> [TASK DESCRIPTION]: Where the string "Longrightarrow" shows up in a line of the records, copy that line.

Collected data entries
theorem theorem3p16:
  fixes p n :: nat and \<theta> :: "'a::field vr" and C :: "(nat \<Rightarrow> 'a vr) set"
    and g1 g2 h1 h2 :: "'a poly"
  assumes p: "prime p" "odd p" "CARD('a) = p"
    and n: "n > 0"
    and unit: "\<theta> dvd 1"
    and cc: "constacyclic \<theta> n C"
    and g1: "lead_coeff g1 = 1" "g1 dvd (monom 1 n - [:vr_r \<theta> + vr_q \<theta>:])"
    and g2: "lead_coeff g2 = 1" "g2 dvd (monom 1 n - [:vr_r \<theta>:])"
    and gen: "poly_of n ` C = quot_ideal_gen (monom 1 n - [:\<theta>:]) {[:vv:] * emb g1, [:1 - vv:] * emb g2}"
    and h1: "g1 * h1 = monom 1 n - [:vr_r \<theta> + vr_q \<theta>:]"
    and h2: "g2 * h2 = monom 1 n - [:vr_r \<theta>:]"
  shows "poly_of n ` dual_code n C = quot_ideal_gen (monom 1 n - [:vinv \<theta>:])
            {[:vv:] * emb (recip_star h1), [:1 - vv:] * emb (recip_star h2)}
       \<and> card (dual_code n C) = p ^ (degree g1 + degree g2)
       \<and> poly_of n ` dual_code n C = quot_ideal_gen (monom 1 n - [:vinv \<theta>:])
            {[:vv:] * emb (recip_star h1) + [:1 - vv:] * emb (recip_star h2)}
       \<and> gray \<theta> n ` poly_of n ` dual_code n C
            \<subseteq> quot_ideal_gen (monom 1 (2 * n) - 1) {recip_star h1 * recip_star h2}"
proof -
  have fin: "finite (UNIV :: 'a set)"
    using p by (metis card_ge_0_finite prime_gt_0_nat)
  note \<theta> = vr_unit_components[OF unit]
  have h1': "g1 * h1 = monom 1 n - [:vr_v \<theta>:]" and g1': "g1 dvd monom 1 n - [:vr_v \<theta>:]"
    using h1 g1 by (simp_all add: vr_v_def)
  let ?V = "vr_code n (divisible_words n (recip_star h1)) (divisible_words n (recip_star h2))"
  have "C \<subseteq> words n"
    using cc by (simp add: constacyclic_def submodule_code_def)
  then have "C = vr_code n (divisible_words n g1) (divisible_words n g2)"
    by (rule poly_of_image_eqD[OF _ vr_code_subset_words])
      (simp only: gen quot_ideal_gen_vr_pair[OF n g1' g2(2)])
  then have dual: "dual_code n C = ?V"
    by (simp add: dual_vr_code zero_mem_divisible_words divisible_words_subset_words
        dual_divisible_words(1)[OF fin n h1' \<theta>(1)] dual_divisible_words(1)[OF fin n h2 \<theta>(2)])
  have d1: "recip_star h1 dvd monom 1 n - [:vr_v (vinv \<theta>):]"
    using recip_star_dvd[OF n h1' \<theta>(1)] \<theta>(3) by simp
  have d2: "recip_star h2 dvd monom 1 n - [:vr_r (vinv \<theta>):]"
    using recip_star_dvd[OF n h2 \<theta>(2)] \<theta>(4) by simp
  have "card ?V = p ^ (degree g1 + degree g2)"
    using dual_divisible_words[OF fin n h1' \<theta>(1)] dual_divisible_words[OF fin n h2 \<theta>(2)] p(3)
    by (simp add: card_vr_code divisible_words_subset_words power_add)
  moreover have "gray \<theta> n ` poly_of n ` ?V
      \<subseteq> quot_ideal_gen (monom 1 (2 * n) - 1) {recip_star h1 * recip_star h2}"
    using d1 d2 \<theta>
    by (auto simp: poly_of_vr_code_divisible_words[OF n] intro!: gray_mem_quot_ideal_gen)
  ultimately show ?thesis
    unfolding dual quot_ideal_gen_vr_pair[OF n d1 d2] quot_ideal_gen_vr_sum[OF n d1 d2] by simp
qed
lemma one_minus_exp_quotient_antimono:
  fixes x y :: real
  assumes "0 < x" and "x \<le> y"
  shows "(1 - exp (- y)) / y\<^sup>2 \<le> (1 - exp (- x)) / x\<^sup>2"
proof (rule DERIV_nonpos_imp_nonincreasing[OF \<open>x \<le> y\<close>])
  fix z :: real assume "x \<le> z"
  then have "z > 0" using \<open>0 < x\<close> by simp
  have "((\<lambda>z. (1 - exp (- z)) / z\<^sup>2) has_real_derivative
      exp (- z) * (z + 2 - 2 * exp z) / z ^ 3) (at z)"
    using \<open>z > 0\<close>
    by (auto intro!: derivative_eq_intros simp: exp_minus field_simps power2_eq_square power3_eq_cube)
  moreover have "z + 2 - 2 * exp z \<le> 0"
    using exp_ge_add_one_self[of z] \<open>z > 0\<close> by linarith
  then have "exp (- z) * (z + 2 - 2 * exp z) / z ^ 3 \<le> 0"
    using \<open>z > 0\<close> by (simp add: divide_nonpos_pos mult_nonneg_nonpos)
  ultimately show "\<exists>d. ((\<lambda>z. (1 - exp (- z)) / z\<^sup>2) has_real_derivative d) (at z) \<and> d \<le> 0"
    by blast
qed

lemma linear_growth_bound:
  fixes v x0 x :: real
  assumes "0 \<le> v" and "0 \<le> x0" and "x0 \<le> x"
  shows "\<bar>c + v * (x - x0)\<bar> \<le> (\<bar>c\<bar> + v) * (1 + x)"
proof -
  have "0 \<le> v * (x - x0)" and "0 \<le> v * x0" and "0 \<le> \<bar>c\<bar> * x"
    using assms by simp_all
  then have "\<bar>c + v * (x - x0)\<bar> \<le> \<bar>c\<bar> + v * x - v * x0"
    using abs_triangle_ineq[of c "v * (x - x0)"] by (simp add: right_diff_distrib)
  also have "\<dots> \<le> (\<bar>c\<bar> + v) * (1 + x)"
    using \<open>0 \<le> v * x0\<close> \<open>0 \<le> \<bar>c\<bar> * x\<close> \<open>0 \<le> v\<close> by (simp add: algebra_simps)
  finally show ?thesis .
qed

locale stefan_coefficients =
  fixes k1 k2 d1 d2 l r :: real
  assumes k1_pos: "0 < k1" and k2_pos: "0 < k2" and d1_pos: "0 < d1" and d2_pos: "0 < d2"
    and r_pos: "0 < r"
begin

definition decay_rate :: "real \<Rightarrow> real" where
  "decay_rate j = k1 * j / d1"

definition liquid_slope :: "real \<Rightarrow> real" where
  "liquid_slope j = r / (k1 * j)"

definition vapor_slope :: "real \<Rightarrow> real" where
  "vapor_slope j = r / (k2 * j)"

text \<open>The liquid gradient at the dryout point forced by the Stefan condition
  \<open>l j + d2 \<theta>2'(x\<^sub>*) - d1 \<theta>1'(x\<^sub>*) = 0\<close> once \<open>\<theta>2' = vapor_slope j\<close>.\<close>

definition interface_gradient :: "real \<Rightarrow> real" where
  "interface_gradient j = (l * j + d2 * vapor_slope j) / d1"

definition temperature_drop :: "real \<Rightarrow> real \<Rightarrow> real" where
  "temperature_drop j = liquid_profile (decay_rate j) (liquid_slope j) (interface_gradient j)"

lemma decay_rate_pos: "0 < j \<Longrightarrow> 0 < decay_rate j"
  using k1_pos d1_pos by (simp add: decay_rate_def)

lemma liquid_slope_pos: "0 < j \<Longrightarrow> 0 < liquid_slope j"
  using k1_pos r_pos by (simp add: liquid_slope_def)

lemma vapor_slope_pos: "0 < j \<Longrightarrow> 0 < vapor_slope j"
  using k2_pos r_pos by (simp add: vapor_slope_def)

lemma interface_gradient_nonneg_iff:
  assumes "0 < j"
  shows "0 \<le> interface_gradient j \<longleftrightarrow> - l \<le> d2 * r / (k2 * j\<^sup>2)"
proof -
  have eq: "interface_gradient j = j / d1 * (l + d2 * r / (k2 * j\<^sup>2))"
    using assms k2_pos d1_pos
    by (simp add: interface_gradient_def vapor_slope_def field_simps power2_eq_square)
  have "0 < j / d1" using assms d1_pos by simp
  then have "0 \<le> j / d1 * (l + d2 * r / (k2 * j\<^sup>2)) \<longleftrightarrow> 0 \<le> l + d2 * r / (k2 * j\<^sup>2)"
    by (simp add: zero_le_mult_iff del: times_divide_eq_left)
  then show ?thesis unfolding eq by linarith
qed

lemma stefan_system_explicit:
  assumes "0 < j" and "stefan_system k1 k2 d1 d2 l j r ths thin xs th1 th2"
  shows "0 < xs" and "temperature_drop j xs = ths - thin"
    and "\<forall>x\<in>{0..xs}. th1 x = ths - temperature_drop j (xs - x)"
    and "\<forall>x\<in>{xs..}. th2 x = ths + vapor_slope j * (x - xs)"
proof -
  from assms(2) obtain D1 DD1 D2 DD2 p1 p2 C where
    "0 < xs" and cont1: "continuous_on {0..xs} th1" and cont2: "continuous_on {xs..} th2"
    and ode1: "\<forall>x\<in>{0<..<xs}. (th1 has_real_derivative D1 x) (at x) \<and>
                 (D1 has_real_derivative DD1 x) (at x) \<and> k1 * j * D1 x - d1 * DD1 x = r"
    and ode2: "\<forall>x\<in>{xs<..}. (th2 has_real_derivative D2 x) (at x) \<and>
                 (D2 has_real_derivative DD2 x) (at x) \<and> k2 * j * D2 x - d2 * DD2 x = r"
    and "th1 xs = ths" and "th2 xs = ths" and "th1 0 = thin"
    and p1: "(th1 has_real_derivative p1) (at xs within {0..xs})"
    and p2: "(th2 has_real_derivative p2) (at xs within {xs..})"
    and stefan: "l * j + d2 * p2 - d1 * p1 = 0"
    and growth: "\<forall>x\<in>{xs..}. \<bar>th2 x\<bar> \<le> C * (1 + x)"
    unfolding stefan_system_def by blast
  have vapor: "\<forall>x\<in>{xs..}. th2 x = ths + vapor_slope j * (x - xs)"
    using linear_ode_linear_growth_solution[of "k2 * j" d2 xs th2 D2 DD2 r C]
      ode2 cont2 growth \<open>th2 xs = ths\<close> \<open>0 < j\<close> k2_pos d2_pos by (simp add: vapor_slope_def)
  have "((\<lambda>x. ths + vapor_slope j * (x - xs)) has_real_derivative vapor_slope j) (at xs within {xs..})"
    by (auto intro!: derivative_eq_intros)
  with p2 have "p2 = vapor_slope j"
    by (rule has_real_derivative_unique_on) (use vapor in \<open>auto simp: at_within_Ici_at_right\<close>)
  with stefan have "p1 = interface_gradient j"
    using d1_pos by (simp add: interface_gradient_def field_simps)
  then have liquid: "\<forall>x\<in>{0..xs}. th1 x = ths - temperature_drop j (xs - x)"
    using linear_ode_terminal_value_solution[of "k1 * j" d1 0 xs th1 D1 DD1 r p1]
      ode1 cont1 p1 \<open>th1 xs = ths\<close> \<open>0 < xs\<close> \<open>0 < j\<close> k1_pos d1_pos
    by (simp add: temperature_drop_def decay_rate_def liquid_slope_def)
  show "0 < xs" by fact
  show "\<forall>x\<in>{0..xs}. th1 x = ths - temperature_drop j (xs - x)" by (fact liquid)
  show "\<forall>x\<in>{xs..}. th2 x = ths + vapor_slope j * (x - xs)" by (fact vapor)
  show "temperature_drop j xs = ths - thin"
    using liquid \<open>0 < xs\<close> \<open>th1 0 = thin\<close> by auto
qed

lemma stefan_system_of_explicit:
  assumes "0 < j" and "0 < xs" and "temperature_drop j xs = ths - thin"
  shows "stefan_system k1 k2 d1 d2 l j r ths thin xs
    (\<lambda>x. ths - temperature_drop j (xs - x)) (\<lambda>x. ths + vapor_slope j * (x - xs))"
proof -
  let ?a = "decay_rate j" and ?c = "liquid_slope j" and ?p = "interface_gradient j"
  let ?th1 = "\<lambda>x. ths - liquid_profile ?a ?c ?p (xs - x)"
    and ?th2 = "\<lambda>x. ths + vapor_slope j * (x - xs)"
  let ?D1 = "\<lambda>x. ?c + (?p - ?c) * exp (- ?a * (xs - x))"
    and ?DD1 = "\<lambda>x. ?a * (?p - ?c) * exp (- ?a * (xs - x))"
  have "?a \<noteq> 0" using decay_rate_pos[OF \<open>0 < j\<close>] by simp
  note th1' = liquid_profile_solves_ode(1)[OF this, of ths ?c ?p xs]
    and D1' = liquid_profile_solves_ode(2)[OF this, of ?c ?p xs]
  have ode1: "k1 * j * ?D1 x - d1 * ?DD1 x = r" for x
    using k1_pos d1_pos \<open>0 < j\<close> by (simp add: decay_rate_def liquid_slope_def field_simps)
  have th2': "(?th2 has_real_derivative vapor_slope j) (at x)" for x
    by (auto intro!: derivative_eq_intros)
  show ?thesis
    unfolding stefan_system_def temperature_drop_def
  proof (intro conjI)
    show "0 < xs" by fact
    show "continuous_on {0..xs} ?th1" and "continuous_on {xs..} ?th2"
      using th1' th2' by (meson DERIV_isCont continuous_at_imp_continuous_on)+
    show "\<exists>D DD. \<forall>x\<in>{0<..<xs}. (?th1 has_real_derivative D x) (at x) \<and>
        (D has_real_derivative DD x) (at x) \<and> k1 * j * D x - d1 * DD x = r"
      using th1' D1' ode1 by (intro exI[of _ ?D1] exI[of _ ?DD1]) blast
    show "\<exists>D DD. \<forall>x\<in>{xs<..}. (?th2 has_real_derivative D x) (at x) \<and>
        (D has_real_derivative DD x) (at x) \<and> k2 * j * D x - d2 * DD x = r"
      using th2' k2_pos \<open>0 < j\<close>
      by (intro exI[of _ "\<lambda>_. vapor_slope j"] exI[of _ "\<lambda>_. 0"]) (simp add: vapor_slope_def)
    show "?th1 xs = ths" and "?th2 xs = ths" by simp_all
    show "\<exists>p1 p2. (?th1 has_real_derivative p1) (at xs within {0..xs}) \<and>
        (?th2 has_real_derivative p2) (at xs within {xs..}) \<and> l * j + d2 * p2 - d1 * p1 = 0"
    proof (intro exI conjI)
      show "(?th1 has_real_derivative ?D1 xs) (at xs within {0..xs})"
        using th1' by (rule has_field_derivative_at_within)
      show "(?th2 has_real_derivative vapor_slope j) (at xs within {xs..})"
        using th2' by (rule has_field_derivative_at_within)
      show "l * j + d2 * vapor_slope j - d1 * ?D1 xs = 0"
        using d1_pos by (simp add: interface_gradient_def)
    qed
    show "?th1 0 = thin" using assms(3) by (simp add: temperature_drop_def)
    show "\<exists>C. \<forall>x\<in>{xs..}. \<bar>?th2 x\<bar> \<le> C * (1 + x)"
      using linear_growth_bound vapor_slope_pos[OF \<open>0 < j\<close>] \<open>0 < xs\<close>
      by (intro exI[of _ "\<bar>ths\<bar> + vapor_slope j"]) (simp add: less_imp_le)
  qed
qed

> [RESULT OF THIS EXERCISE]:
lemma decay_rate_pos: "0 < j \<Longrightarrow> 0 < decay_rate j"
lemma liquid_slope_pos: "0 < j \<Longrightarrow> 0 < liquid_slope j"
lemma vapor_slope_pos: "0 < j \<Longrightarrow> 0 < vapor_slope j"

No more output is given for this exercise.